Я не хочу сказать, что дядя Джаспер полностью перетянул меня на свою сторону, просто его взгляды уже не казались мне такими дикими и чуждыми, как раньше. Ранним утром в воскресенье — прокрадываясь мимо закрытой двери тетиной и дядиной спальни, чтобы стянуть на кухне скон с корицей из тех, что тетя испекла накануне, — я слышала звуки, каких никогда не издавали мои родители или кто-либо еще из знакомых мне людей: рык и взвизги наслаждения. Двое сливались в самозабвенном пособничестве. Меня это тревожило, открывая темные бездны и подрывая мою уверенность.

— Вряд ли из Торонто много народу сюда поедет, — сказала тетя. — Гибсоны тоже не попадают. У него важная встреча, а ей не удалось отменить уроки.

Она говорила о тех самых соседях. Они продолжали приятельствовать, но дружба слегка остыла и уже не подразумевала хождения друг к другу в гости.

Девочка в школе предупредила меня: «Вот погоди, они тебя потащат на Последнее Прощание. Меня заставили смотреть на бабушку, и я упала в обморок».

Я не знала, что такое Последнее Прощание, но догадалась. Я решила, что зажмурюсь и буду смотреть через щелочки между веками и притворяться.

— Только бы в церкви не пахло плесенью, — продолжала тетя Дон. — У твоего дяди очень чувствительные носовые пазухи.

Плесенью в церкви не пахло. И каменные стены и пол не сочились мрачной сыростью. Наверно, кто-то пришел с утра пораньше, чтобы включить отопление.

На скамьях почти не оставалось места.

— Много пациентов твоего дяди собралось, — тихо заметила тетя Дон. — Как мило с их стороны! В городе есть и другие доктора, но к другому столько людей не пришло бы.

Орган играл хорошо известный мне гимн.
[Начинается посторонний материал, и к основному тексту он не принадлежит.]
lemma norm_integral_tail_le:
  fixes h :: "real \<Rightarrow> 'a::banach"
  assumes int: "h integrable_on UNIV" and "s > 0"
    and bound: "\<And>x. s \<le> \<bar>x\<bar> \<Longrightarrow> norm (h x) \<le> K / x\<^sup>2"
  shows "norm (integral UNIV h - integral {-s..s} h) \<le> 2 * K / s"
proof (rule Lim_norm_ubound[OF _ tendsto_diff[OF tendsto_integral_symmetric_interval[OF int] tendsto_const]])
  have "K \<ge> 0"
    using order_trans[OF norm_ge_zero bound[of s]] \<open>s > 0\<close> by (simp add: zero_le_divide_iff)
  have bound_t: "norm (integral {-t..t} h - integral {-s..s} h) \<le> 2 * K / s" if "s \<le> t" for t
  proof -
    have tails: "norm (integral I h) \<le> K * (1 / s - 1 / t)" if "I = {s..t} \<or> I = {-t..-s}" for I
    proof -
      have "((\<lambda>x. K * (1 / x\<^sup>2)) has_integral K * (1 / s - 1 / t)) I"
        using that has_integral_mult_right[OF has_integral_inverse_square(1)[OF \<open>s > 0\<close> \<open>s \<le> t\<close>]]
          has_integral_mult_right[OF has_integral_inverse_square(2)[OF \<open>s > 0\<close> \<open>s \<le> t\<close>]] by auto
      moreover have "h integrable_on I"
        using that by (auto intro: integrable_on_subinterval[OF int])
      ultimately show ?thesis
        using that \<open>s > 0\<close> bound by (auto intro!: norm_integral_le_has_integral)
    qed
    have "integral {-t..-s} h + (integral {-s..s} h + integral {s..t} h) = integral {-t..t} h"
      using \<open>s > 0\<close> \<open>s \<le> t\<close> integrable_on_subinterval[OF int]
      by (simp add: Henstock_Kurzweil_Integration.integral_combine)
    then have "integral {-t..t} h - integral {-s..s} h = integral {-t..-s} h + integral {s..t} h"
      by (simp add: algebra_simps flip: \<open>_ = integral {-t..t} h\<close>)
    then have "norm (integral {-t..t} h - integral {-s..s} h) \<le> norm (integral {-t..-s} h) + norm (integral {s..t} h)"
      by (simp add: norm_triangle_ineq)
    also have "\<dots> \<le> 2 * K * (1 / s - 1 / t)"
      using tails[of "{-t..-s}"] tails[of "{s..t}"] by simp
    also have "\<dots> \<le> 2 * K / s"
      using \<open>K \<ge> 0\<close> \<open>s > 0\<close> \<open>s \<le> t\<close> by (simp add: field_simps)
    finally show ?thesis .
  qed
  show "\<forall>\<^sub>F t in at_top. norm (integral {-t..t} h - integral {-s..s} h) \<le> 2 * K / s"
    using eventually_ge_at_top[of s] by (rule eventually_mono) (rule bound_t)
qed simp

lemma norm_integral_symmetric_interval_le:
  fixes h :: "real \<Rightarrow> 'a::banach"
  assumes int: "h integrable_on {-r..r}" and "a > 0" and bound: "\<And>x. norm (h x) \<le> M / (a\<^sup>2 + x\<^sup>2)"
  shows "norm (integral {-r..r} h) \<le> M * pi / a"
proof -
  have "M \<ge> 0"
    using order_trans[OF norm_ge_zero bound[of 0]] \<open>a > 0\<close> by (simp add: zero_le_divide_iff)
  have dom: "((\<lambda>x. M * (1 / (a\<^sup>2 + x\<^sup>2))) has_integral M * (pi / a)) UNIV"
    by (rule has_integral_mult_right[OF has_integral_inverse_sum_squares[OF \<open>a > 0\<close>]])
  then have dom_int: "(\<lambda>x. M * (1 / (a\<^sup>2 + x\<^sup>2))) integrable_on {-r..r}"
    by (auto intro: integrable_on_subinterval has_integral_integrable)
  have "norm (integral {-r..r} h) \<le> integral {-r..r} (\<lambda>x. M * (1 / (a\<^sup>2 + x\<^sup>2)))"
    using integral_norm_bound_integral[OF int dom_int] bound by simp
  also have "\<dots> \<le> integral UNIV (\<lambda>x. M * (1 / (a\<^sup>2 + x\<^sup>2)))"
    using dom dom_int \<open>M \<ge> 0\<close> \<open>a > 0\<close>
    by (intro integral_subset_le) (auto intro: has_integral_integrable add_pos_nonneg)
  also have "\<dots> = M * pi / a"
    using dom by (simp add: integral_unique)
  finally show ?thesis .
qed
lemma dpd_dmul:
  assumes fs: "mult_finite A B" and a: "smooth_coeffs A" and b: "smooth_coeffs B"
  shows "dpd v (A ** B) = dadd (dpd v A ** B) (A ** dpd v B)"
proof
  fix k
  let ?F = "{i. A i \<noteq> zero_fn \<and> B (k - i) \<noteq> zero_fn}"
  have f: "finite ?F" using fs unfolding mult_finite_def by auto
  have sm: "smooth_fn (A i)" "smooth_fn (B i)" for i using a b unfolding smooth_coeffs_def by auto
  have "(A ** B) k = (\<lambda>p. \<Sum>i\<in>?F. A i p * B (k - i) (shiftp i p))"
    by (intro ext dmul_eq_sum[OF f]) auto
  then have "dpd v (A ** B) k = (\<lambda>p. \<Sum>i\<in>?F. pd v (\<lambda>p. A i p * B (k - i) (shiftp i p)) p)"
    unfolding dpd_def by (simp add: pd_sum smooth_fn_mult smooth_fn_shift sm)
  also have "\<dots> = (\<lambda>p. \<Sum>i\<in>?F. dpd v A i p * B (k - i) (shiftp i p) + A i p * dpd v B (k - i) (shiftp i p))"
    unfolding dpd_def by (simp add: pd_mult pd_shift smooth_fn_shift sm)
  also have "\<dots> = dadd (dpd v A ** B) (A ** dpd v B) k"
  proof
    fix p
    have "(dpd v A ** B) k p = (\<Sum>i\<in>?F. dpd v A i p * B (k - i) (shiftp i p))"
      "(A ** dpd v B) k p = (\<Sum>i\<in>?F. A i p * dpd v B (k - i) (shiftp i p))"
      by (rule dmul_eq_sum[OF f], auto dest: dpd_nonzero)+
    then show "(\<Sum>i\<in>?F. dpd v A i p * B (k - i) (shiftp i p) + A i p * dpd v B (k - i) (shiftp i p)) =
        dadd (dpd v A ** B) (A ** dpd v B) k p"
      unfolding dadd_def by (simp add: sum.distrib)
  qed
  finally show "dpd v (A ** B) k = dadd (dpd v A ** B) (A ** dpd v B) k" .
qed

lemma dpd_lam: "dpd v (lam a) = dzero"
  unfolding dpd_def lam_def dzero_def using pd_const by (auto intro!: ext)

text \<open>Coefficients of the left inverse of W = 1 + (lower order terms), by recursion on the
  order; for W with only non-negative powers the leading coefficient W 0 must be inverted.\<close>

function inv_neg_coeff :: "dop \<Rightarrow> nat \<Rightarrow> fn" where
  "inv_neg_coeff W n = (\<lambda>p. (if n = 0 then 1 else 0) -
     (\<Sum>i<n. inv_neg_coeff W i p * W (int i - int n) (shiftp (- int i) p)))"
  by auto
termination by (relation "Wellfounded.measure snd") auto

function inv_pos_coeff :: "dop \<Rightarrow> nat \<Rightarrow> fn" where
  "inv_pos_coeff W n = (\<lambda>p. ((if n = 0 then 1 else 0) -
     (\<Sum>i<n. inv_pos_coeff W i p * W (int n - int i) (shiftp (int i) p))) / W 0 (shiftp (int n) p))"
  by auto
termination by (relation "Wellfounded.measure snd") auto

declare inv_neg_coeff.simps [simp del] inv_pos_coeff.simps [simp del]

lemma smooth_fn_inv_neg_coeff:
  assumes "smooth_coeffs W"
  shows "smooth_fn (inv_neg_coeff W n)"
proof (induction n rule: less_induct)
  case (less n)
  then show ?case
    using assms unfolding smooth_coeffs_def
    by (subst inv_neg_coeff.simps)
      (intro smooth_fn_diff smooth_fn_const smooth_fn_sum smooth_fn_mult smooth_fn_shift; simp)
qed

lemma smooth_fn_inv_pos_coeff:
  assumes "smooth_coeffs W" and "\<And>p. W 0 p \<noteq> 0"
  shows "smooth_fn (inv_pos_coeff W n)"
proof (induction n rule: less_induct)
  case (less n)
  then show ?case
    using assms unfolding smooth_coeffs_def
    by (subst inv_pos_coeff.simps)
      (intro smooth_fn_divide smooth_fn_diff smooth_fn_const smooth_fn_sum smooth_fn_mult
        smooth_fn_shift; simp)
qed

definition left_inv_neg :: "dop \<Rightarrow> dop" where
  "left_inv_neg W = (\<lambda>k. if k \<le> 0 then inv_neg_coeff W (nat (- k)) else zero_fn)"

definition left_inv_pos :: "dop \<Rightarrow> dop" where
  "left_inv_pos W = (\<lambda>k. if k \<ge> 0 then inv_pos_coeff W (nat k) else zero_fn)"

lemma left_inv_neg_dmul:
  assumes W0: "W 0 = (\<lambda>_. 1)" and Wp: "\<forall>i>0. W i = zero_fn"
  shows "left_inv_neg W ** W = lam 0"
proof (intro ext)
  fix k p
  show "(left_inv_neg W ** W) k p = lam 0 k p"
  proof (cases "k \<le> 0")
    case False
    have "(left_inv_neg W ** W) k = zero_fn"
      by (rule dmul_eq_zero) (use False Wp in \<open>auto simp: left_inv_neg_def\<close>)
    then show ?thesis using False by (simp add: lam_def)
  next
    case True
    define n where "n = nat (- k)"
    have k: "k = - int n" using True n_def by simp
    have "(left_inv_neg W ** W) k p =
        (\<Sum>i\<in>(\<lambda>t. - int t) ` {..n}. left_inv_neg W i p * W (k - i) (shiftp i p))"
    proof (rule dmul_eq_sum, simp, rule subsetI)
      fix i assume "i \<in> {i. left_inv_neg W i \<noteq> zero_fn \<and> W (k - i) \<noteq> zero_fn}"
      then have "i \<le> 0" "k - i \<le> 0" using Wp by (auto simp: left_inv_neg_def split: if_splits)
      then have "i = - int (nat (- i))" "nat (- i) \<le> n" using k by auto
      then show "i \<in> (\<lambda>t. - int t) ` {..n}" by blast
    qed
    also have "\<dots> = (\<Sum>t\<le>n. inv_neg_coeff W t p * W (int t - int n) (shiftp (- int t) p))"
      by (subst sum.reindex) (auto simp: inj_on_def left_inv_neg_def k intro!: sum.cong)
    also have "\<dots> = (\<Sum>t<n. inv_neg_coeff W t p * W (int t - int n) (shiftp (- int t) p)) + inv_neg_coeff W n p"
      using W0 by (simp add: lessThan_Suc_atMost[symmetric])
    also have "\<dots> = (if n = 0 then 1 else 0)"
      by (subst (2) inv_neg_coeff.simps) simp
    finally show ?thesis using k by (simp add: lam_def)
  qed
qed

lemma left_inv_pos_dmul:
  assumes W0: "\<And>p. W 0 p \<noteq> 0" and Wn: "\<forall>i<0. W i = zero_fn"
  shows "left_inv_pos W ** W = lam 0"
proof (intro ext)
  fix k p
  show "(left_inv_pos W ** W) k p = lam 0 k p"
  proof (cases "k \<ge> 0")
    case False
    have "(left_inv_pos W ** W) k = zero_fn"
      by (rule dmul_eq_zero) (use False Wn in \<open>auto simp: left_inv_pos_def\<close>)
    then show ?thesis using False by (simp add: lam_def)
  next
    case True
    define n where "n = nat k"
    have k: "k = int n" using True n_def by simp
    have "(left_inv_pos W ** W) k p = (\<Sum>i\<in>int ` {..n}. left_inv_pos W i p * W (k - i) (shiftp i p))"
    proof (rule dmul_eq_sum, simp, rule subsetI)
      fix i assume "i \<in> {i. left_inv_pos W i \<noteq> zero_fn \<and> W (k - i) \<noteq> zero_fn}"
      then have "i \<ge> 0" "k - i \<ge> 0" using Wn by (auto simp: left_inv_pos_def not_le split: if_splits)
      then have "i = int (nat i)" "nat i \<le> n" using k by auto
      then show "i \<in> int ` {..n}" by blast
    qed
    also have "\<dots> = (\<Sum>t\<le>n. inv_pos_coeff W t p * W (int n - int t) (shiftp (int t) p))"
      by (subst sum.reindex) (auto simp: inj_on_def left_inv_pos_def k intro!: sum.cong)
    also have "\<dots> = (\<Sum>t<n. inv_pos_coeff W t p * W (int n - int t) (shiftp (int t) p))
        + inv_pos_coeff W n p * W 0 (shiftp (int n) p)"
      by (simp add: lessThan_Suc_atMost[symmetric])
    also have "\<dots> = (if n = 0 then 1 else 0)"
      by (subst (2) inv_pos_coeff.simps) (simp add: W0)
    finally show ?thesis using k by (simp add: lam_def)
  qed
qed

text \<open>The algebra below is carried out in a class P of operators (those bounded above, or those
  bounded below) in which products exist and are associative.\<close>

lemma left_inverse_is_right_inverse:
  assumes assoc: "\<And>A B C. P A \<Longrightarrow> P B \<Longrightarrow> P C \<Longrightarrow> (A ** B) ** C = A ** (B ** C)"
    and "P U" "P V" "P W" and UV: "U ** V = lam 0" and VW: "V ** W = lam 0"
  shows "W ** V = lam 0"
proof -
  have "U = (U ** V) ** W"
    using assoc[of U V W] assms(2-4) VW by (simp add: dmul_lam_0)
  then have "U = W" by (simp add: UV lam_0_dmul)
  then show ?thesis using UV by simp
qed

lemma inverse_unique:
  assumes assoc: "\<And>A B C. P A \<Longrightarrow> P B \<Longrightarrow> P C \<Longrightarrow> (A ** B) ** C = A ** (B ** C)"
    and "P V'" "P W" "P V" and "V' ** W = lam 0" and "W ** V = lam 0"
  shows "V' = V"
  using assoc[of V' W V] assms(2-6) by (simp add: dmul_lam_0 lam_0_dmul)

lemma inv_neg_inverse:
  assumes W0: "W 0 = (\<lambda>_. 1)" and Wp: "\<forall>i>0. W i = zero_fn" and W: "smooth_coeffs W"
  shows "(\<forall>i>0. inv_neg W i = zero_fn) \<and> W ** inv_neg W = lam 0 \<and> inv_neg W ** W = lam 0
    \<and> smooth_coeffs (inv_neg W)"
proof -
  define V where "V = left_inv_neg W"
  have Vp: "\<forall>i>0. V i = zero_fn"
    unfolding V_def left_inv_neg_def by simp
  have V0: "V 0 = (\<lambda>_. 1)"
    unfolding V_def left_inv_neg_def by (subst inv_neg_coeff.simps) simp
  have above: "bounded_above X" if "\<forall>i>0. X i = zero_fn" for X
    using that unfolding bounded_above_def by (metis not_le)
  have "bounded_above (left_inv_neg V)"
    by (rule above) (simp add: left_inv_neg_def)
  moreover have VW: "V ** W = lam 0"
    unfolding V_def by (rule left_inv_neg_dmul[OF W0 Wp])
  ultimately have WV: "W ** V = lam 0"
    using left_inverse_is_right_inverse[OF dmul_assoc_bounded_above _ _ _
          left_inv_neg_dmul[OF V0 Vp] VW] above Vp Wp by blast
  have "inv_neg W = V"
    unfolding inv_neg_def
  proof (rule the_equality)
    fix V' assume "(\<forall>i>0. V' i = zero_fn) \<and> W ** V' = lam 0 \<and> V' ** W = lam 0"
    then show "V' = V"
      using inverse_unique[OF dmul_assoc_bounded_above _ _ _ _ WV] above Vp Wp by blast
  qed (use Vp WV VW in simp)
  moreover have "smooth_coeffs V"
    unfolding smooth_coeffs_def V_def left_inv_neg_def
    using smooth_fn_inv_neg_coeff[OF W] smooth_fn_const by auto
  ultimately show ?thesis using Vp WV VW by simp
qed

lemma inv_pos_inverse:
  assumes W0: "\<And>p. W 0 p \<noteq> 0" and Wn: "\<forall>i<0. W i = zero_fn" and W: "smooth_coeffs W"
  shows "(\<forall>i<0. inv_pos W i = zero_fn) \<and> W ** inv_pos W = lam 0 \<and> inv_pos W ** W = lam 0
    \<and> smooth_coeffs (inv_pos W)"
proof -
  define V where "V = left_inv_pos W"
  have Vn: "\<forall>i<0. V i = zero_fn"
    unfolding V_def left_inv_pos_def by simp
  have V0: "V 0 p \<noteq> 0" for p
    unfolding V_def left_inv_pos_def by (subst inv_pos_coeff.simps) (simp add: W0)
  have below: "bounded_below X" if "\<forall>i<0. X i = zero_fn" for X
    using that unfolding bounded_below_def by (metis not_le)
  have "bounded_below (left_inv_pos V)"
    by (rule below) (simp add: left_inv_pos_def)
  moreover have VW: "V ** W = lam 0"
    unfolding V_def by (rule left_inv_pos_dmul[OF W0 Wn])
  ultimately have WV: "W ** V = lam 0"
    using left_inverse_is_right_inverse[OF dmul_assoc_bounded_below _ _ _
          left_inv_pos_dmul[OF V0 Vn] VW] below Vn Wn by blast
  have "inv_pos W = V"
    unfolding inv_pos_def
  proof (rule the_equality)
    fix V' assume "(\<forall>i<0. V' i = zero_fn) \<and> W ** V' = lam 0 \<and> V' ** W = lam 0"
    then show "V' = V"
      using inverse_unique[OF dmul_assoc_bounded_below _ _ _ _ WV] below Vn Wn by blast
  qed (use Vn WV VW in simp)
  moreover have "smooth_coeffs V"
    unfolding smooth_coeffs_def V_def left_inv_pos_def
    using smooth_fn_inv_pos_coeff[OF W W0] smooth_fn_const by auto
  ultimately show ?thesis using Vn WV VW by simp
qed

lemma conjugate_dmul_conjugate:
  assumes assoc: "\<And>A B C. P A \<Longrightarrow> P B \<Longrightarrow> P C \<Longrightarrow> (A ** B) ** C = A ** (B ** C)"
    and cl: "\<And>A B. P A \<Longrightarrow> P B \<Longrightarrow> P (A ** B)" and pl: "\<And>n. P (lam n)"
    and W: "P W" and V: "P V" and VW: "V ** W = lam 0"
  shows "((W ** lam a) ** V) ** ((W ** lam b) ** V) = (W ** lam (a + b)) ** V"
proof -
  have "((W ** lam a) ** V) ** ((W ** lam b) ** V) = (W ** lam a) ** ((V ** (W ** lam b)) ** V)"
    by (simp add: assoc cl W V pl)
  also have "V ** (W ** lam b) = lam b"
    using assoc[OF V W pl, of b] VW by (simp add: lam_0_dmul)
  also have "(W ** lam a) ** (lam b ** V) = (W ** (lam a ** lam b)) ** V"
    by (simp add: assoc cl W V pl)
  finally show ?thesis by (simp add: lam_dmul_lam)
qed

lemma dpd_left_inverse:
  assumes "V ** W = lam 0" and "mult_finite V W" "mult_finite V (dpd v W)" "mult_finite (dpd v V) W"
    and "smooth_coeffs V" "smooth_coeffs W"
  shows "dpd v V ** W = dsmul (-1) (V ** dpd v W)"
proof -
  have "dadd (dpd v V ** W) (V ** dpd v W) = dpd v (V ** W)"
    using assms(2,5,6) by (simp add: dpd_dmul)
  also have "\<dots> = dzero"
    using assms(1) by (simp add: dpd_lam)
  finally show ?thesis
    unfolding dadd_def dsmul_def dzero_def by (auto simp: fun_eq_iff eq_neg_iff_add_eq_0)
qed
Моя ванкуверская подруга когда-то исполняла его на пасхальном концерте. «Иисус, мое желанье».

За органом сидела та самая пианистка, чье выступление в нашем доме так внезапно оборвалось. Рядом с ней был и виолончелист, на местах для хора. Наверно, потом он тоже сыграет.

Мы посидели и послушали, и тут в задней части церкви раздался сдержанный шум. Я не стала поворачиваться и смотреть — я только что заметила темный длинный полированный ящик, который стоял поперек церкви, сразу у алтаря. Гроб. Он был закрыт. Если его не собираются открывать, я могу не бояться Последнего Прощания. Но все равно я представила себе Мону в ящике. Большой костлявый нос торчит кверху, лицо осунулось, глаза навечно закрыты. Я приклеила этот образ на видное место у себя в голове и держала, пока не убедилась, что меня от него не тошнит.

Тетя Дон тоже не стала оборачиваться, чтобы посмотреть, что там такое.

Источник шума приближался к нам по проходу, и оказалось, что это дядя Джаспер. Он не остановился у скамьи, где мы с тетей Дон заняли ему место. Прошел мимо — без неподобающей спешки, но деловито. С ним шел кто-то еще.

Горничная, Бернис. Вся разодетая. На ней был темно-синий костюм и такого же цвета шляпа, украшенная гнездышком из цветов. Бернис не смотрела ни на нас, ни на кого другого. Лицо ее было багровым, губы плотно сжаты.